Cold bluing or cold blackening seems to be an accepted method of
protecting steel parts in the shop. Add on a sealant or keep the part
oiled and supposedly it will resist rust and corrosion indefinitely.
I have done cold bluing in the ancient past using the gunsmith supplies.
When I was a kid I stripped and refinished and old Sears .22 rifle,
and I built 4 different black powder kit guns that came in the white.
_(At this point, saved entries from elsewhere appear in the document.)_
(* Let $A=\begin{bmatrix}0&B\\0&C\end{bmatrix}$ act on $\mathbb{C}^m\oplus\mathbb{C}^d$, with $B\in M_{m\times d}$, $C\in M_d$ and $B^*B+C^*C=I_d$, and let $D=I_d-C^*C$. Define $P_C(x,y)=\det(I-xC-yC^* )$ and $Q_C(x,y)=\det(I-xC-yC^*-xyD)$. Then for every $z\in\mathbb{C}\setminus\{0\}$ and $\theta\in\mathbb{R}$, $$\det(zI-e^{-i\theta}A-e^{i\theta}A^* )=z^{m+d}Q_C\!\left(\tfrac{e^{-i\theta}}{z},\tfrac{e^{i\theta}}{z}\right),\qquad \det(zI-e^{-i\theta}C-e^{i\theta}C^* )=z^{d}P_C\!\left(\tfrac{e^{-i\theta}}{z},\tfrac{e^{i\theta}}{z}\right).$$ Consequently: (i) $A$ has the Circularity property if and only if $Q_C(x,y)\in\mathbb{C}[xy]$ (i.e. $Q_C$ is a polynomial in the product $xy$ alone); (ii) $C$ has the Circularity property if and only if $P_C(x,y)\in\mathbb{C}[xy]$.
   Context: For $X\in M_n(\mathbb{C})$, $H_X(\theta)=\frac12(e^{-i\theta}X+e^{i\theta}X^* )$; $X$ has the Circularity property if the spectrum of $H_X(\theta)$ is independent of $\theta\in\mathbb{R}$. *)

theory Defs
  imports Complex_Main "Jordan_Normal_Form.Spectral_Radius" "Jordan_Normal_Form.Schur_Decomposition"
begin

definition H_mat :: "complex mat \<Rightarrow> real \<Rightarrow> complex mat" where
  "H_mat X \<theta> = (1/2 :: complex) \<cdot>\<^sub>m (cis (-\<theta>) \<cdot>\<^sub>m X + cis \<theta> \<cdot>\<^sub>m mat_adjoint X)"

definition circularity :: "complex mat \<Rightarrow> bool" where
  "circularity X \<longleftrightarrow> (\<forall>\<theta>1 \<theta>2. spectrum (H_mat X \<theta>1) = spectrum (H_mat X \<theta>2))"

definition P_C :: "complex mat \<Rightarrow> complex \<Rightarrow> complex \<Rightarrow> complex" where
  "P_C C x y = det (1\<^sub>m (dim_row C) - x \<cdot>\<^sub>m C - y \<cdot>\<^sub>m mat_adjoint C)"

definition D_C :: "complex mat \<Rightarrow> complex mat" where
  "D_C C = 1\<^sub>m (dim_row C) - mat_adjoint C * C"

definition Q_C :: "complex mat \<Rightarrow> complex \<Rightarrow> complex \<Rightarrow> complex" where
  "Q_C C x y = det (1\<^sub>m (dim_row C) - x \<cdot>\<^sub>m C - y \<cdot>\<^sub>m mat_adjoint C - (x * y) \<cdot>\<^sub>m D_C C)"

definition in_poly_xy :: "(complex \<Rightarrow> complex \<Rightarrow> complex) \<Rightarrow> bool" where
  "in_poly_xy f \<longleftrightarrow> (\<exists>q :: complex poly. \<forall>x y. f x y = poly q (x * y))"

end

(*
  For z \<noteq> 0 the block z I_m of z I - a A - b A^* is invertible, and its Schur complement is
  z (I - x C - y C^* - x y B^* B) with x = a/z, y = b/z, and B^* B = I - C^* C = D.  The
  identity for C is a mere rescaling.

  Circularity of X means that the characteristic polynomial of H_X(\<theta>) does not depend on \<theta>:
  its roots do not, and by continuity in \<theta> their multiplicities cannot jump.  Through the
  identities this says R(e^{-i\<theta>} t, e^{i\<theta>} t) = R(t, t) for R = Q_C resp. P_C.  Such an R is constant
  on every hyperbola x y = t^2: for fixed t, w^d R(w, t^2/w) is a polynomial in w that agrees with
  R(t, t) w^d on the circle |w| = |t|.  Hence R(x, y) = R(1, x y) off the coordinate axes, and on
  the axes as well because R is a polynomial in each variable separately.
*)
theory Submission
  imports Defs "HOL-Analysis.Elementary_Normed_Spaces"
begin

lemma carrier_mat_adjoint: "A \<in> carrier_mat n m \<Longrightarrow> mat_adjoint A \<in> carrier_mat m n"
  unfolding mat_adjoint_def by (auto simp: mat_of_rows_def)

lemma index_mat_adjoint:
  "A \<in> carrier_mat n m \<Longrightarrow> i < m \<Longrightarrow> j < n \<Longrightarrow> mat_adjoint A $$ (i, j) = cnj (A $$ (j, i))"
  unfolding mat_adjoint_def by (auto simp: mat_of_rows_def)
The quantity in gunsmith supplies is rather stingy. The amount in a
bottle is enough to do a fair to good job on one complete firearm and
maybe do some touch up work if you know how to make it blend. Two guns
if you don't make any mistakes.
More recently I've started making tools in my own shop. Many were
intended to be a single use or short run tool. Long reach clamp to hold
a slide bar in a mold until it could be match machined and clamped in
other ways. Long reach tool holder for deep milling. Half round tool
for work stop in the spindle and work positioning. Lots of stuff
really. Mostly I have left them in the white (fine for carbide tools
and some I've made in stainless) because they were made to do a single
job. I didn't throw them away, but I didn't plan for them to be likely
to see future use. It turns out nearly all of them have been much more
useful than I originally planned. I need to blacken and oil them I think.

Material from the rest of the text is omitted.